(* The groups $\left\{\begin{bmatrix}a&b\\0&1\end{bmatrix}: a,b\in\mathbb{R},\ a\neq0\right\}$ (i.e. $\mathbb{R}^*\ltimes\mathbb{R}$) and $\left\{\begin{bmatrix}a&b\\0&1\end{bmatrix}: a,b\in\mathbb{R},\ a>0\right\}$ (i.e. $\mathbb{R}\ltimes\mathbb{R}$), with their usual Lie group structures, have the topological $R_\infty$-property.
   Context: For an automorphism $\varphi$ of a group $G$, the $\varphi$-twisted conjugacy classes are the equivalence classes of the relation $x\sim_\varphi y$ iff $y=gx\varphi(g)^{-1}$ for some $g\in G$; $R(\varphi)\in\mathbb{N}\cup\{\infty\}$ is their number. A topological group $G$ has the topological $R_\infty$-property if $R(\varphi)=\infty$ for every automorphism $\varphi$ of $G$ that is a homeomorphism (for a Lie group: every continuous automorphism). *)

theory Defs
  imports "HOL-Analysis.Analysis" "HOL-Algebra.Group"
begin

definition twisted_rel :: "('a, 'b) monoid_scheme \<Rightarrow> ('a \<Rightarrow> 'a) \<Rightarrow> ('a \<times> 'a) set" where
  "twisted_rel G \<phi> = {(x, y). x \<in> carrier G \<and> y \<in> carrier G \<and>
     (\<exists>g \<in> carrier G. y = g \<otimes>\<^bsub>G\<^esub> x \<otimes>\<^bsub>G\<^esub> inv\<^bsub>G\<^esub> (\<phi> g))}"

definition top_R_infty :: "('a, 'b) monoid_scheme \<Rightarrow> 'a topology \<Rightarrow> bool" where
  "top_R_infty G T \<longleftrightarrow>
     (\<forall>\<phi>. \<phi> \<in> iso G G \<and> homeomorphic_map T T \<phi> \<longrightarrow>
        infinite (carrier G // twisted_rel G \<phi>))"

text \<open>Affine group: the pair (a,b) stands for the matrix [[a,b],[0,1]];
  matrix multiplication gives (a,b)(c,d) = (a c, a d + b).\<close>
definition aff_group :: "(real \<times> real) set \<Rightarrow> (real \<times> real) monoid" where
  "aff_group S = \<lparr>carrier = S,
     mult = (\<lambda>(a, b) (c, d). (a * c, a * d + b)),
     one = (1, 0)\<rparr>"

end

theory Submission
  imports Defs
begin

(* Let A be an infinite subgroup of the multiplicative group of the reals and phi a continuous
   automorphism of A \<ltimes> R. Composing phi with the projection to the abelian group A kills all
   commutators, and since A contains some c \<noteq> 1 every translation (1, d) is one. So phi maps the
   translation subgroup to itself additively, hence (being continuous) by b \<mapsto> \<lambda> b with \<lambda> \<noteq> 0;
   conjugating (1, 1) by (a, b) then shows that phi preserves the first coordinate. Twisted
   conjugation preserves it as well, so the classes of the elements (a, 0), a \<in> A, are distinct. *)

lemma continuous_additive_real_eq_mult:
  fixes f :: "real \<Rightarrow> real"
  assumes add: "\<And>x y. f (x + y) = f x + f y" and cont: "continuous_on UNIV f"
  shows "f x = x * f 1"
proof -
  have f_nat: "f (of_nat n * y) = of_nat n * f y" for n y
    by (induction n) (use add[of 0 0] in \<open>auto simp: distrib_right add\<close>)
  have f_uminus: "f (- y) = - f y" for y
    using add[of y "- y"] add[of 0 0] by simp
  have f_int: "f (of_int m * y) = of_int m * f y" for m y
    by (cases m rule: int_cases2) (use f_nat f_uminus in \<open>simp_all flip: minus_mult_left\<close>)
  have f_rat: "f q = q * f 1" if "q \<in> \<rat>" for q
  proof -
    obtain m n where n: "n > 0" and q: "q = of_int m / of_int n"
      using \<open>q \<in> \<rat>\<close> by (rule Rats_cases')
    have "of_int n * f q = f (of_int n * q)"
      by (rule f_int[symmetric])
    also have "of_int n * q = of_int m * 1"
      using n q by simp
    also have "f (of_int m * 1) = of_int m * f 1"
      by (rule f_int)
    also have "\<dots> = of_int n * (q * f 1)"
      using n q by simp
    finally show ?thesis
      using n by simp
  qed
  have "closed {x. f x = x * f 1}"
    by (intro closed_Collect_eq cont continuous_intros)
  then have "closure \<rat> \<subseteq> {x. f x = x * f 1}"
    using f_rat by (intro closure_minimal) blast+
  then show ?thesis
    unfolding Rats_closure_real by blast
qed

lemma twisted_rel_refl:
  assumes "group G" and "\<phi> \<in> hom G G" and "x \<in> carrier G"
  shows "(x, x) \<in> twisted_rel G \<phi>"
proof -
  interpret group_hom G G \<phi>
    using assms(1,2) by (simp add: group_hom_def group_hom_axioms_def)
  have "x = \<one>\<^bsub>G\<^esub> \<otimes>\<^bsub>G\<^esub> x \<otimes>\<^bsub>G\<^esub> inv\<^bsub>G\<^esub> (\<phi> \<one>\<^bsub>G\<^esub>)"
    using assms(3) by simp
  then show ?thesis
    using assms(3) unfolding twisted_rel_def by blast
qed

lemma infinite_quotient_if_invariant:
  assumes refl: "\<And>x. x \<in> X \<Longrightarrow> (x, x) \<in> R"
    and invariant: "\<And>x y. (x, y) \<in> R \<Longrightarrow> f x = f y"
    and "infinite (f ` X)"
  shows "infinite (X // R)"
proof
  assume "finite (X // R)"
  moreover have "f ` X \<subseteq> (\<lambda>C. the_elem (f ` C)) ` (X // R)"
  proof
    fix y assume "y \<in> f ` X"
    then obtain x where x: "x \<in> X" and y: "y = f x"
      by blast
    have "f ` (R `` {x}) \<subseteq> {y}"
      using invariant y by auto
    moreover have "y \<in> f ` (R `` {x})"
      using refl[OF x] y by auto
    ultimately have "f ` (R `` {x}) = {y}"
      by blast
    then have "y = the_elem (f ` (R `` {x}))"
      by simp
    moreover have "R `` {x} \<in> X // R"
      using x by (rule quotientI)
    ultimately show "y \<in> (\<lambda>C. the_elem (f ` C)) ` (X // R)"
      by (rule image_eqI)
  qed
  ultimately show False
    using \<open>infinite (f ` X)\<close> finite_surj by blast
qed

lemma aff_group_carrier [simp]: "carrier (aff_group S) = S"
  by (simp add: aff_group_def)

lemma aff_group_mult [simp]: "x \<otimes>\<^bsub>aff_group S\<^esub> y = (fst x * fst y, fst x * snd y + snd x)"
  by (simp add: aff_group_def split_def)

lemma aff_group_one [simp]: "\<one>\<^bsub>aff_group S\<^esub> = (1, 0)"
  by (simp add: aff_group_def)

locale real_mult_subgroup =
  fixes A :: "real set"
  assumes one_mem: "1 \<in> A"
    and mult_mem: "a \<in> A \<Longrightarrow> b \<in> A \<Longrightarrow> a * b \<in> A"
    and inverse_mem: "a \<in> A \<Longrightarrow> inverse a \<in> A"
    and nonzero: "a \<in> A \<Longrightarrow> a \<noteq> 0"
begin

abbreviation Aff :: "(real \<times> real) monoid" where
  "Aff \<equiv> aff_group (A \<times> UNIV)"

lemma inv_Aff_mult: "a \<in> A \<Longrightarrow> (inverse a, - b / a) \<otimes>\<^bsub>Aff\<^esub> (a, b) = \<one>\<^bsub>Aff\<^esub>"
  by (simp add: nonzero divide_inverse)

lemma group_Aff: "group Aff"
proof (rule groupI)
  fix x y assume "x \<in> carrier Aff" and "y \<in> carrier Aff"
  then show "x \<otimes>\<^bsub>Aff\<^esub> y \<in> carrier Aff"
    by (simp add: mem_Times_iff mult_mem)
next
  fix x assume "x \<in> carrier Aff"
  then obtain a b where x: "x = (a, b)" and a: "a \<in> A"
    by (cases x) simp
  show "\<exists>y \<in> carrier Aff. y \<otimes>\<^bsub>Aff\<^esub> x = \<one>\<^bsub>Aff\<^esub>"
  proof
    show "(inverse a, - b / a) \<otimes>\<^bsub>Aff\<^esub> x = \<one>\<^bsub>Aff\<^esub>"
      unfolding x using a by (rule inv_Aff_mult)
    show "(inverse a, - b / a) \<in> carrier Aff"
      using a by (simp add: inverse_mem)
  qed
qed (simp_all add: one_mem algebra_simps)

lemma inv_Aff: "a \<in> A \<Longrightarrow> inv\<^bsub>Aff\<^esub> (a, b) = (inverse a, - b / a)"
  by (rule group.inv_equality[OF group_Aff inv_Aff_mult]) (simp_all add: inverse_mem)

lemma hom_Aff_fst_mult:
  assumes "\<phi> \<in> hom Aff Aff" and "x \<in> A \<times> UNIV" and "y \<in> A \<times> UNIV"
  shows "fst (\<phi> (x \<otimes>\<^bsub>Aff\<^esub> y)) = fst (\<phi> x) * fst (\<phi> y)"
  using hom_mult[of \<phi> Aff Aff x y] assms by simp

lemma hom_Aff_fst_nonzero:
  assumes "\<phi> \<in> hom Aff Aff" and "x \<in> A \<times> UNIV"
  shows "fst (\<phi> x) \<noteq> 0"
proof -
  have "\<phi> x \<in> A \<times> UNIV"
    using hom_in_carrier[OF assms(1)] assms(2) by simp
  then show ?thesis
    by (simp add: mem_Times_iff nonzero)
qed

lemma hom_Aff_fst_translation_eq_1:
  assumes hom: "\<phi> \<in> hom Aff Aff" and c: "c \<in> A" "c \<noteq> 1"
  shows "fst (\<phi> (1, b)) = 1"
proof -
  define h where "h x = fst (\<phi> x)" for x
  have h_mult: "h (x \<otimes>\<^bsub>Aff\<^esub> y) = h x * h y" if "x \<in> A \<times> UNIV" "y \<in> A \<times> UNIV" for x y
    unfolding h_def using hom that by (rule hom_Aff_fst_mult)
  have h_nonzero: "h x \<noteq> 0" if "x \<in> A \<times> UNIV" for x
    unfolding h_def using hom that by (rule hom_Aff_fst_nonzero)
  have h_dilate: "h (1, c * d) = h (1, d)" for d
  proof -
    have "h (c, 0) * h (1, d) = h ((c, 0) \<otimes>\<^bsub>Aff\<^esub> (1, d))"
      using c(1) one_mem by (simp only: h_mult mem_Times_iff fst_conv snd_conv UNIV_I simp_thms)
    also have "(c, 0) \<otimes>\<^bsub>Aff\<^esub> (1, d) = (1, c * d) \<otimes>\<^bsub>Aff\<^esub> (c, 0)"
      by simp
    also have "h \<dots> = h (1, c * d) * h (c, 0)"
      using c(1) one_mem by (simp only: h_mult mem_Times_iff fst_conv snd_conv UNIV_I simp_thms)
    finally show ?thesis
      using h_nonzero[of "(c, 0)"] c(1) by simp
  qed
  have "h (1, (c - 1) * d) = 1" for d
  proof -
    \<comment> \<open>\<open>(1, (c - 1) * d)\<close> is the commutator of \<open>(c, 0)\<close> and \<open>(1, d)\<close>\<close>
    have "h (1, d) * h (1, (c - 1) * d) = h ((1, d) \<otimes>\<^bsub>Aff\<^esub> (1, (c - 1) * d))"
      using one_mem by (simp only: h_mult mem_Times_iff fst_conv snd_conv UNIV_I simp_thms)
    also have "(1, d) \<otimes>\<^bsub>Aff\<^esub> (1, (c - 1) * d) = (1, c * d)"
      by (simp add: algebra_simps)
    finally have "h (1, d) * h (1, (c - 1) * d) = h (1, d)"
      by (simp only: h_dilate)
    then show ?thesis
      using h_nonzero[of "(1, d)"] one_mem by simp
  qed
  from this[of "b / (c - 1)"] show ?thesis
    using c(2) by (simp add: h_def)
qed

lemma continuous_iso_Aff_fst:
  assumes iso: "\<phi> \<in> iso Aff Aff"
    and cont: "continuous_map (top_of_set (A \<times> UNIV)) (top_of_set (A \<times> UNIV)) \<phi>"
    and c: "c \<in> A" "c \<noteq> 1" and x: "x \<in> A \<times> UNIV"
  shows "fst (\<phi> x) = fst x"
proof -
  have hom: "\<phi> \<in> hom Aff Aff"
    using iso by (simp add: iso_def)
  have \<phi>_mult: "\<phi> (y \<otimes>\<^bsub>Aff\<^esub> z) = \<phi> y \<otimes>\<^bsub>Aff\<^esub> \<phi> z" if "y \<in> A \<times> UNIV" "z \<in> A \<times> UNIV" for y z
    using hom_mult[OF hom] that by simp
  define f where "f b = snd (\<phi> (1, b))" for b
  have \<phi>_translation: "\<phi> (1, b) = (1, f b)" for b
    using hom_Aff_fst_translation_eq_1[OF hom c] by (simp add: f_def prod_eq_iff)
  have "f (b + b') = f b + f b'" for b b'
  proof -
    have "(1, f (b + b')) = \<phi> ((1, b) \<otimes>\<^bsub>Aff\<^esub> (1, b'))"
      by (simp add: \<phi>_translation add.commute)
    also have "\<dots> = \<phi> (1, b) \<otimes>\<^bsub>Aff\<^esub> \<phi> (1, b')"
      by (rule \<phi>_mult) (simp_all add: one_mem)
    also have "\<dots> = (1, f b' + f b)"
      by (simp add: \<phi>_translation)
    finally show ?thesis
      by simp
  qed
  moreover have "continuous_on UNIV f"
  proof -
    have "continuous_on (A \<times> UNIV) \<phi>"
      using cont by simp
    then have "continuous_on UNIV (\<phi> \<circ> Pair 1)"
      by (rule continuous_on_compose[OF continuous_on_Pair[OF continuous_on_const continuous_on_id]
            continuous_on_subset]) (auto simp: one_mem)
    then show ?thesis
      unfolding f_def o_def by (intro continuous_intros)
  qed
  ultimately have f_linear: "f b = b * f 1" for b
    by (rule continuous_additive_real_eq_mult)
  have "f 1 \<noteq> 0"
  proof
    assume "f 1 = 0"
    then have "\<phi> (1, 1) = \<phi> (1, 0)"
      using f_linear[of 0] by (simp add: \<phi>_translation)
    moreover have "inj_on \<phi> (A \<times> UNIV)"
      using iso by (simp add: iso_def bij_betw_def)
    ultimately show False
      using one_mem by (auto dest: inj_onD)
  qed
  obtain a b where ab: "x = (a, b)" and a: "a \<in> A"
    using x by (cases x) simp
  have "\<phi> (a, b) \<otimes>\<^bsub>Aff\<^esub> \<phi> (1, 1) = \<phi> ((a, b) \<otimes>\<^bsub>Aff\<^esub> (1, 1))"
    by (rule \<phi>_mult[symmetric]) (simp_all add: a one_mem)
  also have "(a, b) \<otimes>\<^bsub>Aff\<^esub> (1, 1) = (1, a) \<otimes>\<^bsub>Aff\<^esub> (a, b)"
    by simp
  also have "\<phi> \<dots> = \<phi> (1, a) \<otimes>\<^bsub>Aff\<^esub> \<phi> (a, b)"
    by (rule \<phi>_mult) (simp_all add: a one_mem)
  finally have "fst (\<phi> (a, b)) * f 1 = a * f 1"
    by (simp add: \<phi>_translation f_linear[of a])
  then show ?thesis
    using \<open>f 1 \<noteq> 0\<close> ab by simp
qed

lemma twisted_rel_Aff_fst_eq:
  assumes fst_\<phi>: "\<And>x. x \<in> A \<times> UNIV \<Longrightarrow> fst (\<phi> x) = fst x"
    and xy: "(x, y) \<in> twisted_rel Aff \<phi>"
  shows "fst y = fst x"
proof -
  obtain g where g: "g \<in> A \<times> UNIV" and y: "y = g \<otimes>\<^bsub>Aff\<^esub> x \<otimes>\<^bsub>Aff\<^esub> inv\<^bsub>Aff\<^esub> (\<phi> g)"
    using xy unfolding twisted_rel_def aff_group_carrier by blast
  obtain b where \<phi>g: "\<phi> g = (fst g, b)"
    using fst_\<phi>[OF g] by (metis prod.collapse)
  have "fst g \<in> A"
    using g by (simp add: mem_Times_iff)
  then have "inv\<^bsub>Aff\<^esub> (\<phi> g) = (inverse (fst g), - b / fst g)"
    unfolding \<phi>g by (rule inv_Aff)
  then show ?thesis
    using y nonzero[OF \<open>fst g \<in> A\<close>] by simp
qed

theorem top_R_infty_Aff:
  assumes "infinite A"
  shows "top_R_infty Aff (top_of_set (A \<times> UNIV))"
  unfolding top_R_infty_def
proof (intro allI impI, elim conjE)
  fix \<phi> assume iso: "\<phi> \<in> iso Aff Aff"
    and homeo: "homeomorphic_map (top_of_set (A \<times> UNIV)) (top_of_set (A \<times> UNIV)) \<phi>"
  obtain c where c: "c \<in> A" "c \<noteq> 1"
    using assms finite_subset[of A "{1}"] by blast
  have hom: "\<phi> \<in> hom Aff Aff"
    using iso by (simp add: iso_def)
  note fst_\<phi> = continuous_iso_Aff_fst[OF iso homeomorphic_imp_continuous_map[OF homeo] c]
  show "infinite (carrier Aff // twisted_rel Aff \<phi>)"
  proof (rule infinite_quotient_if_invariant)
    show "(x, x) \<in> twisted_rel Aff \<phi>" if "x \<in> carrier Aff" for x
      using group_Aff hom that by (rule twisted_rel_refl)
    show "fst x = fst y" if "(x, y) \<in> twisted_rel Aff \<phi>" for x y
      using twisted_rel_Aff_fst_eq[OF fst_\<phi> that] by simp
    show "infinite (fst ` carrier Aff)"
      using assms by simp
  qed
qed

end

lemma real_mult_subgroup_nonzero: "real_mult_subgroup {a. a \<noteq> 0}"
  by unfold_locales auto

lemma real_mult_subgroup_positive: "real_mult_subgroup {a. a > 0}"
  by unfold_locales auto

theorem corollary5p2:
  shows "top_R_infty (aff_group {(a, b). a \<noteq> 0}) (top_of_set {(a, b). a \<noteq> 0})
       \<and> top_R_infty (aff_group {(a, b). a > 0}) (top_of_set {(a, b). a > 0})"
proof
  have positive_infinite: "infinite {a :: real. a > 0}"
    using infinite_Ioi[of "0 :: real"] by (simp add: greaterThan_def)
  then have "infinite {a :: real. a \<noteq> 0}"
    by (rule infinite_super[rotated]) auto
  moreover have "{(a, b). a \<noteq> 0} = {a :: real. a \<noteq> 0} \<times> (UNIV :: real set)"
    by auto
  ultimately show "top_R_infty (aff_group {(a, b). a \<noteq> 0}) (top_of_set {(a, b). a \<noteq> 0})"
    using real_mult_subgroup.top_R_infty_Aff[OF real_mult_subgroup_nonzero] by simp
  have "{(a, b). a > 0} = {a :: real. a > 0} \<times> (UNIV :: real set)"
    by auto
  then show "top_R_infty (aff_group {(a, b). a > 0}) (top_of_set {(a, b). a > (0 :: real)})"
    using real_mult_subgroup.top_R_infty_Aff[OF real_mult_subgroup_positive] positive_infinite by simp
qed

end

===

EXERCISE – Determine the number of lines in the listing that hold the word "obtain". Nothing but that number is wanted.

RESPONSE FOR THIS EXERCISE – 7